WHAT YOU HAVE TO DO: Report every line from the material that contains the word "bool".

··· DATASET EXCERPTS

(* Let $\mathcal H$ be a class of functions $\mathcal X\to[-1,1]$ and $\mathcal F$ a class of functions $\mathcal Z\to[-1,1]$, and let samples $(y_i,x_i,z_i)_{i=1}^n$ with $y_i\in[-1,1]$ be given. Assume access to $\mathrm{Oracle}_{\mathcal F}(z_{1:n},u_{1:n})\in\arg\min_{f\in\mathcal F}\frac1n\sum_i(u_i-f(z_i))^2$ and $\mathrm{Oracle}_{\mathcal H}(x_{1:n},v_{1:n},w_{1:n})\in\arg\max_{h\in\mathcal H}\frac1n\sum_iw_i\Pr_{\xi_i\sim\mathrm{Bernoulli}((1+h(x_i))/2)}[v_i=\xi_i]$. Consider the algorithm that for $t=1,\dots,T$ sets $$u_i^t=\tfrac12\Big(y_i-\tfrac1{t-1}\textstyle\sum_{\tau=1}^{t-1}h_\tau(x_i)\Big),\quad f_t=\mathrm{Oracle}_{\mathcal F}(z_{1:n},u^t_{1:n}),$$ $$v_i^t=\mathbf 1\{f_t(z_i)>0\},\quad w_i^t=|f_t(z_i)|,\quad h_t=\mathrm{Oracle}_{\mathcal H}(x_{1:n},v^t_{1:n},w^t_{1:n})$$ (for $t=1$ the empty average is interpreted as $0$). Suppose the set $A=\{(f(z_1),\dots,f(z_n)):f\in\mathcal F\}$ is convex. Then the ensemble $\bar h=\frac1T\sum_{t=1}^Th_t$ is an $\frac{8(\log T+1)}{T}$-approximate solution to the minimax problem $\min_{h\in\mathcal H}\sup_{f\in\mathcal F}\Psi_n(h,f)-\|f\|_{2,n}^2$, i.e. $\sup_{f\in\mathcal F}\big(\Psi_n(\bar h,f)-\|f\|_{2,n}^2\big)\le\inf_{h\in\mathcal H}\sup_{f\in\mathcal F}\big(\Psi_n(h,f)-\|f\|_{2,n}^2\big)+\frac{8(\log T+1)}{T}$.
   Context: $\Psi_n(h,f)=\frac1n\sum_i(y_i-h(x_i))f(z_i)$ and $\|f\|_{2,n}^2=\frac1n\sum_if(z_i)^2$. *)

theory Defs
  imports "HOL-Analysis.Analysis"
begin

text \<open>Samples are indexed by a finite type 'n, so n = CARD('n) \<ge> 1.\<close>

definition Psi_n :: "('n::finite \<Rightarrow> real) \<Rightarrow> ('n \<Rightarrow> 'x) \<Rightarrow> ('n \<Rightarrow> 'z)
    \<Rightarrow> ('x \<Rightarrow> real) \<Rightarrow> ('z \<Rightarrow> real) \<Rightarrow> real" where
  "Psi_n y x z h f = (1 / real CARD('n)) * (\<Sum>i\<in>UNIV. (y i - h (x i)) * f (z i))"

definition norm2n_sq :: "('n::finite \<Rightarrow> 'z) \<Rightarrow> ('z \<Rightarrow> real) \<Rightarrow> real" where
  "norm2n_sq z f = (1 / real CARD('n)) * (\<Sum>i\<in>UNIV. (f (z i))^2)"

text \<open>Pr over xi ~ Bernoulli(p) on {0,1} that v = xi, with v encoded as a bool (True = 1).\<close>
definition bern_agree :: "real \<Rightarrow> bool \<Rightarrow> real" where
  "bern_agree p v = (if v then p else 1 - p)"

definition oracleH_obj :: "('n::finite \<Rightarrow> 'x) \<Rightarrow> ('n \<Rightarrow> bool) \<Rightarrow> ('n \<Rightarrow> real)
    \<Rightarrow> ('x \<Rightarrow> real) \<Rightarrow> real" where
  "oracleH_obj x v w h = (1 / real CARD('n)) *
     (\<Sum>i\<in>UNIV. w i * bern_agree ((1 + h (x i)) / 2) (v i))"

definition oracleF_obj :: "('n::finite \<Rightarrow> 'z) \<Rightarrow> ('n \<Rightarrow> real) \<Rightarrow> ('z \<Rightarrow> real) \<Rightarrow> real" where
  "oracleF_obj z u f = (1 / real CARD('n)) * (\<Sum>i\<in>UNIV. (u i - f (z i))^2)"

definition prev_avg :: "(nat \<Rightarrow> 'x \<Rightarrow> real) \<Rightarrow> nat \<Rightarrow> 'x \<Rightarrow> real" where
  "prev_avg hs t a = (if t \<le> 1 then 0 else (1 / real (t - 1)) * (\<Sum>\<tau>=1..t-1. hs \<tau> a))"

end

······

RESULT:
text \<open>Pr over xi ~ Bernoulli(p) on {0,1} that v = xi, with v encoded as a bool (True = 1).\<close>
definition bern_agree :: "real \<Rightarrow> bool \<Rightarrow> real" where
definition oracleH_obj :: "('n::finite \<Rightarrow> 'x) \<Rightarrow> ('n \<Rightarrow> bool) \<Rightarrow> ('n \<Rightarrow> real)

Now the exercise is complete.